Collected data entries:
(* Let $X_1,\ldots,X_d$ be $d$ disjoint sets and let $a_1,\ldots,a_d,b_1,\ldots,b_d$ be nonnegative integers. Suppose $A_1,\ldots,A_h$ and $B_1,\ldots,B_h$ are two families of subsets of $X_1\cup\cdots\cup X_d$ that satisfy: (1) $A_i\cap B_i=\emptyset$ for every $1\le i\le h$; (2) $A_i\cap B_j\neq\emptyset$ for every $1\le i<j\le h$; (3) for every $1\le i\le h$ and $1\le j\le d$ we have $|B_i\cap X_j|\le b_j$; (4) for every $1\le i\le h$ there is a permutation $\pi:[d]\to[d]$ such that for every $1\le j\le d$ we have $|A_i\cap X_j|\le a_{\pi(j)}$. Then $h\le Q(a_1,\ldots,a_d,b_1,\ldots,b_d)$, where $Q(a_1,\ldots,a_d,b_1,\ldots,b_d)$ is defined as follows: put $a:=\max_i a_i$, take disjoint sets $U_1,\ldots,U_d$ with $|U_i|=a+b_i$, identifying each $U_i$ with $[a+b_i]=\{1,\ldots,a+b_i\}$; then $Q(a_1,\ldots,a_d,b_1,\ldots,b_d)$ is the number of sets $S\subseteq U_1\cup\cdots\cup U_d$ for which there is a permutation $\pi:[d]\to[d]$ such that, for every $i$, $S\cap U_i$ is a subset of $[a_{\pi(i)}+b_i]$ of size $b_i$. Moreover, this bound is best possible for every choice of $a_1,\ldots,a_d$ and $b_1,\ldots,b_d$.
   Context: $[n]$ denotes $\{1,\ldots,n\}$. This is a multi-partite variant of Bollobás's Two Families Theorem; it differs from Alon's multi-partite Two Families Theorem (which gives $h\le\prod_{j=1}^d\binom{a_j+b_j}{b_j}$) in that the permutation $\pi$ in condition (4) may depend on $i$ rather than being the identity. *)

theory Defs
  imports "HOL-Combinatorics.Permutations"
begin

definition multi_two_families ::
  "nat \<Rightarrow> (nat \<Rightarrow> nat) \<Rightarrow> (nat \<Rightarrow> nat) \<Rightarrow> (nat \<Rightarrow> 'a set) \<Rightarrow> nat
    \<Rightarrow> (nat \<Rightarrow> 'a set) \<Rightarrow> (nat \<Rightarrow> 'a set) \<Rightarrow> bool" where
  "multi_two_families d a b X h A B \<longleftrightarrow>
     (\<forall>j\<in>{1..d}. \<forall>k\<in>{1..d}. j \<noteq> k \<longrightarrow> X j \<inter> X k = {}) \<and>
     (\<forall>i\<in>{1..h}. A i \<subseteq> (\<Union>j\<in>{1..d}. X j) \<and> B i \<subseteq> (\<Union>j\<in>{1..d}. X j)) \<and>
     (\<forall>i\<in>{1..h}. A i \<inter> B i = {}) \<and>
     (\<forall>i j. 1 \<le> i \<and> i < j \<and> j \<le> h \<longrightarrow> A i \<inter> B j \<noteq> {}) \<and>
     (\<forall>i\<in>{1..h}. \<forall>j\<in>{1..d}. finite (B i \<inter> X j) \<and> card (B i \<inter> X j) \<le> b j) \<and>
     (\<forall>i\<in>{1..h}. \<exists>\<pi>. \<pi> permutes {1..d} \<and>
        (\<forall>j\<in>{1..d}. finite (A i \<inter> X j) \<and> card (A i \<inter> X j) \<le> a (\<pi> j)))"

text \<open>The disjoint union U_1 \<union> ... \<union> U_d is modelled as the set of pairs (i,k)
  with i \<in> {1..d}, k \<in> {1..amax+b i}; S \<inter> U_i corresponds to {k. (i,k) \<in> S}.\<close>

definition amax :: "nat \<Rightarrow> (nat \<Rightarrow> nat) \<Rightarrow> nat" where
  "amax d a = Max (a ` {1..d})"

definition Ucal :: "nat \<Rightarrow> (nat \<Rightarrow> nat) \<Rightarrow> (nat \<Rightarrow> nat) \<Rightarrow> (nat \<times> nat) set" where
  "Ucal d a b = {(i, k). i \<in> {1..d} \<and> k \<in> {1..amax d a + b i}}"

definition Qbound :: "nat \<Rightarrow> (nat \<Rightarrow> nat) \<Rightarrow> (nat \<Rightarrow> nat) \<Rightarrow> nat" where
  "Qbound d a b = card {S. S \<subseteq> Ucal d a b \<and>
     (\<exists>\<pi>. \<pi> permutes {1..d} \<and>
        (\<forall>i\<in>{1..d}. {k. (i, k) \<in> S} \<subseteq> {1..a (\<pi> i) + b i} \<and>
                     card {k. (i, k) \<in> S} = b i))}"

end

theory Submission
  imports Defs "HOL-Library.Function_Algebras" "HOL-Library.Countable_Set"
    "HOL-Computational_Algebra.Polynomial"
begin

(* Upper bound, by the polynomial method. Label the ground elements by distinct nonzero reals. To
   A_i attach the product F_i of the linear forms sum_m label(x)^m y_(j,m) over x in A_i \<inter> X_j,
   padded with copies of y_(j,0) so that F_i has degree max a in every block j; to B_k attach the
   point whose block j lists the coefficients of the product of (Z - label x) over x in B_k \<inter> X_j.
   Then F_i vanishes at the point of B_k iff A_i meets B_k, so the F_i form a triangular, hence
   linearly independent, family. Each monomial of F_i has degree max a in block j, at least
   max a - a_pi(j) of it coming from y_(j,0); by stars and bars these exponent vectors inject into
   the sets counted by Q.

   Sharpness: let the B_i run through the sets S counted by Q in order of decreasing total weight,
   and let A_i be the complement of B_i in the blocks [a_pi(j) + b_j]. If A_i misses B_k, then B_k
   only adds elements lying above B_i in each block, so B_k is heavier and k < i. *)

section \<open>Triangular families of functions\<close>

definition scale_fun :: "'k::times \<Rightarrow> ('x \<Rightarrow> 'k) \<Rightarrow> 'x \<Rightarrow> 'k" where
  "scale_fun c f = (\<lambda>x. c * f x)"

interpretation fun_space: vector_space "scale_fun :: 'k::field \<Rightarrow> ('x \<Rightarrow> 'k) \<Rightarrow> 'x \<Rightarrow> 'k"
  by unfold_locales (auto simp: scale_fun_def fun_eq_iff algebra_simps)

lemma sum_fun_apply: "(\<Sum>v\<in>S. g v) y = (\<Sum>v\<in>S. g v y)"
  by (induction S rule: infinite_finite_induct) auto

lemma triangular_inj_on:
  assumes diag: "\<And>i. i \<in> I \<Longrightarrow> F i (P i) \<noteq> 0"
    and upper: "\<And>i k. i \<in> I \<Longrightarrow> k \<in> I \<Longrightarrow> i < k \<Longrightarrow> F i (P k) = 0"
  shows "inj_on F (I :: 'i::linorder set)"
proof (rule inj_onI)
  fix i k assume "i \<in> I" "k \<in> I" "F i = F k"
  then show "i = k"
    using upper[of i k] upper[of k i] diag[of i] diag[of k] by (cases i k rule: linorder_cases) auto
qed

lemma triangular_independent:
  fixes F :: "'i::linorder \<Rightarrow> 'x \<Rightarrow> 'k::field"
  assumes "finite I"
    and diag: "\<And>i. i \<in> I \<Longrightarrow> F i (P i) \<noteq> 0"
    and upper: "\<And>i k. i \<in> I \<Longrightarrow> k \<in> I \<Longrightarrow> i < k \<Longrightarrow> F i (P k) = 0"
  shows "fun_space.independent (F ` I)"
proof (rule fun_space.independent_if_scalars_zero)
  show "finite (F ` I)" using \<open>finite I\<close> by simp
  have inj: "inj_on F I" using diag upper by (rule triangular_inj_on)
  fix u v assume comb: "(\<Sum>w\<in>F ` I. scale_fun (u w) w) = 0" and "v \<in> F ` I"
  show "u v = 0"
  proof (rule ccontr)
    assume "u v \<noteq> 0"
    define J where "J = {i\<in>I. u (F i) \<noteq> 0}"
    have "J \<noteq> {}" "finite J" using \<open>u v \<noteq> 0\<close> \<open>v \<in> F ` I\<close> \<open>finite I\<close> by (auto simp: J_def)
    define i0 where "i0 = Max J"
    have i0: "i0 \<in> I" "u (F i0) \<noteq> 0"
      using Max_in[OF \<open>finite J\<close> \<open>J \<noteq> {}\<close>] by (auto simp: i0_def J_def)
    have vanish: "u (F i) * F i (P i0) = 0" if "i \<in> I - {i0}" for i
    proof (cases "i < i0")
      case True then show ?thesis using upper[of i i0] that i0 by simp
    next
      case False
      then have "i \<notin> J" using that Max_ge[OF \<open>finite J\<close>, of i] by (auto simp: i0_def)
      then show ?thesis using that by (simp add: J_def)
    qed
    \<comment> \<open>evaluating the vanishing combination at the point of its largest index\<close>
    have "0 = (\<Sum>i\<in>I. u (F i) * F i (P i0))"
      using arg_cong[OF comb, of "\<lambda>f. f (P i0)"]
      by (simp add: sum_fun_apply scale_fun_def sum.reindex[OF inj])
    also have "\<dots> = u (F i0) * F i0 (P i0)"
      using i0 \<open>finite I\<close> by (simp add: sum.remove sum.neutral vanish)
    finally show False using i0 diag[of i0] by simp
  qed
qed

lemma card_le_card_span_if_triangular:
  fixes F :: "'i::linorder \<Rightarrow> 'x \<Rightarrow> 'k::field"
  assumes "finite I" "finite M" "F ` I \<subseteq> fun_space.span M"
    and diag: "\<And>i. i \<in> I \<Longrightarrow> F i (P i) \<noteq> 0"
    and upper: "\<And>i k. i \<in> I \<Longrightarrow> k \<in> I \<Longrightarrow> i < k \<Longrightarrow> F i (P k) = 0"
  shows "card I \<le> card M"
proof -
  have "fun_space.independent (F ` I)"
    using \<open>finite I\<close> diag upper by (rule triangular_independent)
  then have "card (F ` I) \<le> card M"
    using fun_space.independent_span_bound \<open>finite M\<close> \<open>F ` I \<subseteq> fun_space.span M\<close> by blast
  moreover have "inj_on F I" using diag upper by (rule triangular_inj_on)
  ultimately show ?thesis by (simp add: card_image)
qed

section \<open>Products of linear forms\<close>

definition monomial :: "'v set \<Rightarrow> ('v \<Rightarrow> nat) \<Rightarrow> ('v \<Rightarrow> 'k) \<Rightarrow> 'k::comm_monoid_mult" where
  "monomial V e y = (\<Prod>v\<in>V. y v ^ e v)"

definition choice_exponent :: "'q set \<Rightarrow> ('q \<Rightarrow> 'j) \<Rightarrow> ('q \<Rightarrow> nat) \<Rightarrow> 'j \<times> nat \<Rightarrow> nat" where
  "choice_exponent Q \<beta> g v = card {q\<in>Q. (\<beta> q, g q) = v}"

lemma prod_linear_forms_expand:
  fixes c :: "'q \<Rightarrow> nat \<Rightarrow> 'k::comm_semiring_1" and \<beta> :: "'q \<Rightarrow> 'j"
  assumes "finite Q" "finite V"
    and vars: "\<And>q m. q \<in> Q \<Longrightarrow> m \<le> n (\<beta> q) \<Longrightarrow> (\<beta> q, m) \<in> V"
  shows "(\<lambda>y. \<Prod>q\<in>Q. \<Sum>m\<in>{0..n (\<beta> q)}. c q m * y (\<beta> q, m))
     = (\<Sum>g\<in>Pi\<^sub>E Q (\<lambda>q. {0..n (\<beta> q)}).
          scale_fun (\<Prod>q\<in>Q. c q (g q)) (monomial V (choice_exponent Q \<beta> g)))"
proof
  fix y :: "'j \<times> nat \<Rightarrow> 'k"
  have monom: "(\<Prod>q\<in>Q. y (\<beta> q, g q)) = monomial V (choice_exponent Q \<beta> g) y"
    if "g \<in> Pi\<^sub>E Q (\<lambda>q. {0..n (\<beta> q)})" for g
  proof -
    have "(\<Prod>q\<in>Q. y (\<beta> q, g q)) = (\<Prod>v\<in>V. \<Prod>q\<in>{q\<in>Q. (\<beta> q, g q) = v}. y (\<beta> q, g q))"
      by (rule prod.group[symmetric]) (use assms that in \<open>auto simp: PiE_iff\<close>)
    also have "\<dots> = monomial V (choice_exponent Q \<beta> g) y"
      unfolding monomial_def choice_exponent_def by (rule prod.cong) auto
    finally show ?thesis .
  qed
  have "(\<Prod>q\<in>Q. \<Sum>m\<in>{0..n (\<beta> q)}. c q m * y (\<beta> q, m))
      = (\<Sum>g\<in>Pi\<^sub>E Q (\<lambda>q. {0..n (\<beta> q)}). \<Prod>q\<in>Q. c q (g q) * y (\<beta> q, g q))"
    using \<open>finite Q\<close> by (rule prod_sum_PiE) simp
  also have "\<dots> = (\<Sum>g\<in>Pi\<^sub>E Q (\<lambda>q. {0..n (\<beta> q)}).
                   (\<Prod>q\<in>Q. c q (g q)) * monomial V (choice_exponent Q \<beta> g) y)"
    by (rule sum.cong) (simp_all add: prod.distrib monom)
  finally show "(\<Prod>q\<in>Q. \<Sum>m\<in>{0..n (\<beta> q)}. c q m * y (\<beta> q, m))
      = (\<Sum>g\<in>Pi\<^sub>E Q (\<lambda>q. {0..n (\<beta> q)}).
          scale_fun (\<Prod>q\<in>Q. c q (g q)) (monomial V (choice_exponent Q \<beta> g))) y"
    by (simp add: sum_fun_apply scale_fun_def)
qed

lemma prod_linear_forms_in_span:
  fixes c :: "'q \<Rightarrow> nat \<Rightarrow> 'k::field"
  assumes "finite Q" "finite V"
    and vars: "\<And>q m. q \<in> Q \<Longrightarrow> m \<le> n (\<beta> q) \<Longrightarrow> (\<beta> q, m) \<in> V"
    and exponents: "\<And>g. g \<in> Pi\<^sub>E Q (\<lambda>q. {0..n (\<beta> q)}) \<Longrightarrow> (\<forall>q\<in>Q. c q (g q) \<noteq> 0)
                      \<Longrightarrow> choice_exponent Q \<beta> g \<in> E"
  shows "(\<lambda>y. \<Prod>q\<in>Q. \<Sum>m\<in>{0..n (\<beta> q)}. c q m * y (\<beta> q, m)) \<in> fun_space.span (monomial V ` E)"
proof -
  have summands: "scale_fun (\<Prod>q\<in>Q. c q (g q)) (monomial V (choice_exponent Q \<beta> g))
          \<in> fun_space.span (monomial V ` E)" if g: "g \<in> Pi\<^sub>E Q (\<lambda>q. {0..n (\<beta> q)})" for g
  proof (cases "\<forall>q\<in>Q. c q (g q) \<noteq> 0")
    case True
    then show ?thesis using exponents[OF g] by (intro fun_space.span_scale fun_space.span_base) simp
  next
    case False
    then have "(\<Prod>q\<in>Q. c q (g q)) = 0" using \<open>finite Q\<close> by auto
    then show ?thesis using fun_space.span_zero by (simp add: scale_fun_def zero_fun_def)
  qed
  show ?thesis
    by (subst prod_linear_forms_expand[OF assms(1-3)]) (simp_all add: fun_space.span_sum summands)
qed

lemma sum_choice_exponent:
  assumes "finite Q" "g \<in> Pi\<^sub>E Q (\<lambda>q. {0..n (\<beta> q)})"
  shows "(\<Sum>m\<in>{0..n j}. choice_exponent Q \<beta> g (j, m)) = card {q\<in>Q. \<beta> q = j}"
proof -
  have "(\<Sum>m\<in>{0..n j}. choice_exponent Q \<beta> g (j, m))
      = (\<Sum>m\<in>{0..n j}. \<Sum>q\<in>{q\<in>{q\<in>Q. \<beta> q = j}. g q = m}. 1)"
    unfolding choice_exponent_def by (intro sum.cong) (auto intro: arg_cong[where f = card])
  also have "\<dots> = (\<Sum>q\<in>{q\<in>Q. \<beta> q = j}. 1)"
    by (rule sum.group) (use assms in auto)
  finally show ?thesis by simp
qed

section \<open>Stars and bars\<close>

lemma strict_antimono_image_eq:
  fixes f g :: "nat \<Rightarrow> 'a::linorder"
  assumes f: "\<And>i j. i \<in> {1..n} \<Longrightarrow> j \<in> {1..n} \<Longrightarrow> i < j \<Longrightarrow> f j < f i"
    and g: "\<And>i j. i \<in> {1..n} \<Longrightarrow> j \<in> {1..n} \<Longrightarrow> i < j \<Longrightarrow> g j < g i"
    and img: "f ` {1..n} = g ` {1..n}"
  shows "m \<in> {1..n} \<Longrightarrow> f m = g m"
proof (induction m rule: less_induct)
  case (less m)
  obtain m' where m': "m' \<in> {1..n}" "f m = g m'" using img less.prems by blast
  obtain m'' where m'': "m'' \<in> {1..n}" "g m = f m''" using img less.prems by (metis imageI imageE)
  have "\<not> m' < m"
    using less.IH[OF _ m'(1)] f[OF m'(1) less.prems] m'(2) by auto
  moreover have "\<not> m'' < m"
    using less.IH[OF _ m''(1)] g[OF m''(1) less.prems] m''(2) by auto
  ultimately show ?case
    using f[OF less.prems m''(1)] g[OF less.prems m'(1)] m' m''
    by (cases "m' = m"; cases "m'' = m") force+
qed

■ **Problem details**
The reply should be nothing but the number of lines in the entries that include "bars".

■ **Result**
2